1) Some fundamental fluid dynamics phenomena are studied in my thesis
based on the asymptotic analysis of the Navier-Stokes equations at
large values of Reynolds number. In the first part
of the thesis, a numerical method comprising of finite difference
representation measured along the body surface and Chebychev collocation along the
normal direction is discussed; this method has been used earlier
in the paper by Korolev et al. We extend this technique to study,
a) Jet like boundary-layer encountering corners, humps and indents.
b) Liquid layers encountering convex corner, humps and indents.
c) Supersonic flow past humps, indents.
The second problem deals with understanding the phenomena of
shock/wave boundary-layer interaction over moving walls. The problem
has been investigated numerically. The
separation is provoked by shock wave impinging on the
boundary-layer. The interaction process may be
described by the equations of the triple-deck theory.

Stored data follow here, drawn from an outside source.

(* Let $X,Y$ be metric spaces, $X\times Y$ with the maximum metric, $\Delta$ a scale and $g,h$ Hausdorff functions. For any set $E\subseteq X\times Y$, $$\mathcal P^{gh}_{\Delta,0}(E)\ge\mathcal P^{h}_{\Delta}(X)\cdot\inf_{x\in X}\underline{\mathcal B}^{g}_0(E_x).$$
   Context: In a metric space $(X,d)$: $\operatorname{gap}F=\inf\{d(x,y):x,y\in F,x\neq y\}$, $C_\delta(E)=\sup\{|F|:F\subseteq E,\operatorname{gap}F>\delta\}$. A Hausdorff function is a nondecreasing $g:(0,\infty)\to(0,\infty)$; $gh$ is the pointwise product. A scale is a set $\Delta\subseteq(0,\infty)$ with $0$ in its closure. A packing is a family $\pi=\{(x_i,r_i):i\in I\}\subseteq X\times(0,\infty)$ with $d(x_i,x_j)>r_i$ for $i\ne j$; it is a packing of $E$ if all $x_i\in E$, $\Delta$-valued if all $r_i\in\Delta$, $\delta$-fine if all $r_i\le\delta$; $g(\pi)=\sum_ig(r_i)$. $\mathcal P^g_{\Delta,0}(E)=\inf_{\delta>0}\sup\{g(\pi):\pi$ a $\Delta$-valued $\delta$-fine packing of $E\}$; $\mathcal P^g_\Delta(E)=\inf\{\sum_n\mathcal P^g_{\Delta,0}(E_n):E\subseteq\bigcup_nE_n\}$ (countable covers); $\underline{\mathcal B}^g_0(E)=\liminf_{\delta\to0}C_\delta(E)g(\delta)$. $E_x=\{y\in Y:(x,y)\in E\}$. *)

theory Defs
  imports "HOL-Analysis.Analysis"
begin

definition max_dist :: "('a \<Rightarrow> 'a \<Rightarrow> real) \<Rightarrow> ('b \<Rightarrow> 'b \<Rightarrow> real) \<Rightarrow> ('a \<times> 'b) \<Rightarrow> ('a \<times> 'b) \<Rightarrow> real" where
  "max_dist d1 d2 = (\<lambda>(x,y) (x',y'). max (d1 x x') (d2 y y'))"

definition hausdorff_function :: "(real \<Rightarrow> real) \<Rightarrow> bool" where
  "hausdorff_function g \<longleftrightarrow> mono_on {0<..} g \<and> (\<forall>t>0. g t > 0)"

definition scale :: "real set \<Rightarrow> bool" where
  "scale D \<longleftrightarrow> D \<subseteq> {0<..} \<and> 0 \<in> closure D"

definition gap :: "('a \<Rightarrow> 'a \<Rightarrow> real) \<Rightarrow> 'a set \<Rightarrow> ereal" where
  "gap d F = (INF p \<in> {(x,y). x \<in> F \<and> y \<in> F \<and> x \<noteq> y}. ereal (d (fst p) (snd p)))"

definition capacity :: "('a \<Rightarrow> 'a \<Rightarrow> real) \<Rightarrow> real \<Rightarrow> 'a set \<Rightarrow> ennreal" where
  "capacity d \<delta> E = (SUP F \<in> {F. F \<subseteq> E \<and> gap d F > ereal \<delta>}.
      (if finite F then of_nat (card F) else \<infinity>))"

definition lower_box :: "('a \<Rightarrow> 'a \<Rightarrow> real) \<Rightarrow> (real \<Rightarrow> real) \<Rightarrow> 'a set \<Rightarrow> ennreal" where
  "lower_box d g E = Liminf (at_right 0) (\<lambda>\<delta>. capacity d \<delta> E * ennreal (g \<delta>))"

text \<open>A packing: a family of (centre, radius) pairs with positive radii and
  d(x_i,x_j) > r_i for distinct members (represented as a set of pairs; repeated
  pairs are impossible anyway).\<close>
definition packing :: "'a set \<Rightarrow> ('a \<Rightarrow> 'a \<Rightarrow> real) \<Rightarrow> ('a \<times> real) set \<Rightarrow> bool" where
  "packing M d \<pi> \<longleftrightarrow> (\<forall>p\<in>\<pi>. fst p \<in> M \<and> snd p > 0) \<and>
     (\<forall>p\<in>\<pi>. \<forall>q\<in>\<pi>. p \<noteq> q \<longrightarrow> d (fst p) (fst q) > snd p)"

definition packing_sum :: "(real \<Rightarrow> real) \<Rightarrow> ('a \<times> real) set \<Rightarrow> ennreal" where
  "packing_sum g \<pi> = (\<Sum>\<^sub>\<infinity> p\<in>\<pi>. ennreal (g (snd p)))"

definition packing_premeasure ::
  "'a set \<Rightarrow> ('a \<Rightarrow> 'a \<Rightarrow> real) \<Rightarrow> (real \<Rightarrow> real) \<Rightarrow> real set \<Rightarrow> 'a set \<Rightarrow> ennreal" where
  "packing_premeasure M d g D E =
     (INF \<delta> \<in> {0<..}. SUP \<pi> \<in> {\<pi>. packing M d \<pi> \<and> fst ` \<pi> \<subseteq> E \<and> snd ` \<pi> \<subseteq> D
                                   \<and> (\<forall>p\<in>\<pi>. snd p \<le> \<delta>)}. packing_sum g \<pi>)"

definition packing_measure ::
  "'a set \<Rightarrow> ('a \<Rightarrow> 'a \<Rightarrow> real) \<Rightarrow> (real \<Rightarrow> real) \<Rightarrow> real set \<Rightarrow> 'a set \<Rightarrow> ennreal" where
  "packing_measure M d g D E =
     (INF A \<in> {A :: nat \<Rightarrow> 'a set. (\<forall>n. A n \<subseteq> M) \<and> E \<subseteq> (\<Union>n. A n)}.
        (\<Sum>n. packing_premeasure M d g D (A n)))"

definition fiber :: "('a \<times> 'b) set \<Rightarrow> 'a \<Rightarrow> 'b set" where
  "fiber E x = {y. (x, y) \<in> E}"

end

theory Submission
  imports Defs
begin

text \<open>
  Fix \<open>c\<close> below the infimum of the lower box contents of the fibres and let \<open>X\<^sub>n\<close> consist of
  the \<open>x\<close> whose fibre \<open>E\<^sub>x\<close> contains, at every scale \<open>t \<le> 1/(n+1)\<close>, a set of gap \<open>> t\<close> with
  more than \<open>c / g t\<close> points; the \<open>X\<^sub>n\<close> increase to \<open>X\<close>. Replacing each pair \<open>(x, r)\<close> of a fine
  packing of \<open>X\<^sub>n\<close> by the pairs \<open>((x, y), r)\<close>, with \<open>y\<close> running through such a set in \<open>E\<^sub>x\<close>,
  yields a packing of \<open>E\<close> for the maximum metric, so \<open>c\<close> times the \<open>h\<close>-premeasure of \<open>X\<^sub>n\<close>
  is at most the \<open>gh\<close>-premeasure of \<open>E\<close>. It remains to bound the packing measure of \<open>X\<close> by
  the supremum of the premeasures of the \<open>X\<^sub>n\<close>: the premeasure does not grow under closure,
  and the packing measure is a metric outer measure, so closed sets are Caratheodory
  measurable and the measure is continuous along the increasing closures.
\<close>

section \<open>Fine packings and the packing measure\<close>

definition fine_packings ::
  "'a set \<Rightarrow> ('a \<Rightarrow> 'a \<Rightarrow> real) \<Rightarrow> real set \<Rightarrow> real \<Rightarrow> 'a set \<Rightarrow> ('a \<times> real) set set" where
  "fine_packings M d D \<delta> E =
     {\<pi>. packing M d \<pi> \<and> fst ` \<pi> \<subseteq> E \<and> snd ` \<pi> \<subseteq> D \<and> (\<forall>p\<in>\<pi>. snd p \<le> \<delta>)}"

definition fine_packing_sup ::
  "'a set \<Rightarrow> ('a \<Rightarrow> 'a \<Rightarrow> real) \<Rightarrow> (real \<Rightarrow> real) \<Rightarrow> real set \<Rightarrow> real \<Rightarrow> 'a set \<Rightarrow> ennreal" where
  "fine_packing_sup M d g D \<delta> E = (SUP \<pi> \<in> fine_packings M d D \<delta> E. packing_sum g \<pi>)"

lemma packing_premeasure_eq_INF_fine_packing_sup:
  "packing_premeasure M d g D E = (INF \<delta> \<in> {0<..}. fine_packing_sup M d g D \<delta> E)"
  unfolding packing_premeasure_def fine_packing_sup_def fine_packings_def ..

lemma empty_in_fine_packings: "{} \<in> fine_packings M d D \<delta> E"
  by (simp add: fine_packings_def packing_def)

lemma fine_packingsD:
  assumes "\<pi> \<in> fine_packings M d D \<delta> E" "p \<in> \<pi>"
  shows "fst p \<in> M" "fst p \<in> E" "0 < snd p" "snd p \<in> D" "snd p \<le> \<delta>"
  using assms by (auto simp: fine_packings_def packing_def)

lemma fine_packings_packing: "\<pi> \<in> fine_packings M d D \<delta> E \<Longrightarrow> packing M d \<pi>"
  by (simp add: fine_packings_def)

lemma packing_subset: "packing M d \<pi> \<Longrightarrow> \<pi>' \<subseteq> \<pi> \<Longrightarrow> packing M d \<pi>'"
  unfolding packing_def by (meson subsetD)

lemma fine_packings_subset:
  "\<pi> \<in> fine_packings M d D \<delta> E \<Longrightarrow> \<pi>' \<subseteq> \<pi> \<Longrightarrow> \<pi>' \<in> fine_packings M d D \<delta> E"
  unfolding fine_packings_def by (auto intro: packing_subset)

lemma fine_packings_mono:
  "A \<subseteq> B \<Longrightarrow> \<delta> \<le> \<delta>' \<Longrightarrow> fine_packings M d D \<delta> A \<subseteq> fine_packings M d D \<delta>' B"
  unfolding fine_packings_def by fastforce

lemma fine_packing_sup_mono:
  "A \<subseteq> B \<Longrightarrow> \<delta> \<le> \<delta>' \<Longrightarrow> fine_packing_sup M d g D \<delta> A \<le> fine_packing_sup M d g D \<delta>' B"
  unfolding fine_packing_sup_def by (rule SUP_subset_mono[OF fine_packings_mono]) auto

lemma packing_sum_le_fine_packing_sup:
  "\<pi> \<in> fine_packings M d D \<delta> E \<Longrightarrow> packing_sum g \<pi> \<le> fine_packing_sup M d g D \<delta> E"
  unfolding fine_packing_sup_def by (rule SUP_upper)

lemma packing_premeasure_le_fine_packing_sup:
  "0 < \<delta> \<Longrightarrow> packing_premeasure M d g D E \<le> fine_packing_sup M d g D \<delta> E"
  unfolding packing_premeasure_eq_INF_fine_packing_sup by (rule INF_lower) simp

lemma packing_premeasure_geI:
  assumes "0 < \<eta>" and "\<And>\<delta>. 0 < \<delta> \<Longrightarrow> \<delta> < \<eta> \<Longrightarrow> z \<le> fine_packing_sup M d g D \<delta> E"
  shows "z \<le> packing_premeasure M d g D E"
  unfolding packing_premeasure_eq_INF_fine_packing_sup
proof (rule INF_greatest)
  fix \<delta> :: real assume "\<delta> \<in> {0<..}"
  then have "z \<le> fine_packing_sup M d g D (min \<delta> (\<eta>/2)) E" using assms by auto
  also have "\<dots> \<le> fine_packing_sup M d g D \<delta> E" by (rule fine_packing_sup_mono) auto
  finally show "z \<le> fine_packing_sup M d g D \<delta> E" .
qed

lemma packing_premeasure_mono:
  "A \<subseteq> B \<Longrightarrow> packing_premeasure M d g D A \<le> packing_premeasure M d g D B"
  unfolding packing_premeasure_eq_INF_fine_packing_sup by (rule INF_mono) (auto intro: fine_packing_sup_mono)

lemma packing_premeasure_empty [simp]: "packing_premeasure M d g D {} = 0"
proof -
  have "fine_packings M d D 1 {} = {{}}"
    using empty_in_fine_packings by (auto simp: fine_packings_def)
  then have "fine_packing_sup M d g D 1 {} = 0"
    by (simp add: fine_packing_sup_def packing_sum_def)
  then show ?thesis using packing_premeasure_le_fine_packing_sup[of 1 M d g D "{}"] by simp
qed

lemma packing_measure_le_premeasure:
  assumes "E \<subseteq> M"
  shows "packing_measure M d g D E \<le> packing_premeasure M d g D E"
proof -
  define A where "A n = (if n = 0 then E else {})" for n :: nat
  have "packing_measure M d g D E \<le> (\<Sum>n. packing_premeasure M d g D (A n))"
    unfolding packing_measure_def by (rule INF_lower) (use assms in \<open>auto simp: A_def\<close>)
  also have "\<dots> = packing_premeasure M d g D E"
    by (subst suminf_finite[of "{0}"]) (auto simp: A_def)
  finally show ?thesis .
qed

lemma packing_measure_mono:
  "A \<subseteq> B \<Longrightarrow> packing_measure M d g D A \<le> packing_measure M d g D B"
  unfolding packing_measure_def by (rule INF_mono) blast

lemma packing_measure_empty [simp]: "packing_measure M d g D {} = 0"
  using packing_measure_le_premeasure[of "{}" M d g D] by simp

We have
obtained the numerical results for the wall moving
either in the downstream or in upstream direction. According to the
numerical results, we have found that the Moore, Rott & Sears
criterion for separation for the viscous-inviscid interaction
problem is satisfied for the downstream moving wall but is not applicable
for the upstream moving wall in supersonic flow. We have also found
that the pressure calculated analytically,
agrees with the numerical calculation.
The third problem is concerned with control of
shock/wave boundary-layer interaction by means of grooves. The
dimensions of the cross-section of the grooves are considered to be small
as compared to the characteristic thickness of the lower tier of the
three-tiered interaction structure. A groove region is introduced
where the Stokes approximation is applicable, and
the method of matched
asymptotic expansion is used to match the solution from the viscous
lower tier of the interaction structure to the groove region. Analysis has also been done with the
Blasius boundary-layer in presence of periodic grooves. It is suggested that the presence of the grooves has the similar effect as
that of moving walls i.e, delay in the separation.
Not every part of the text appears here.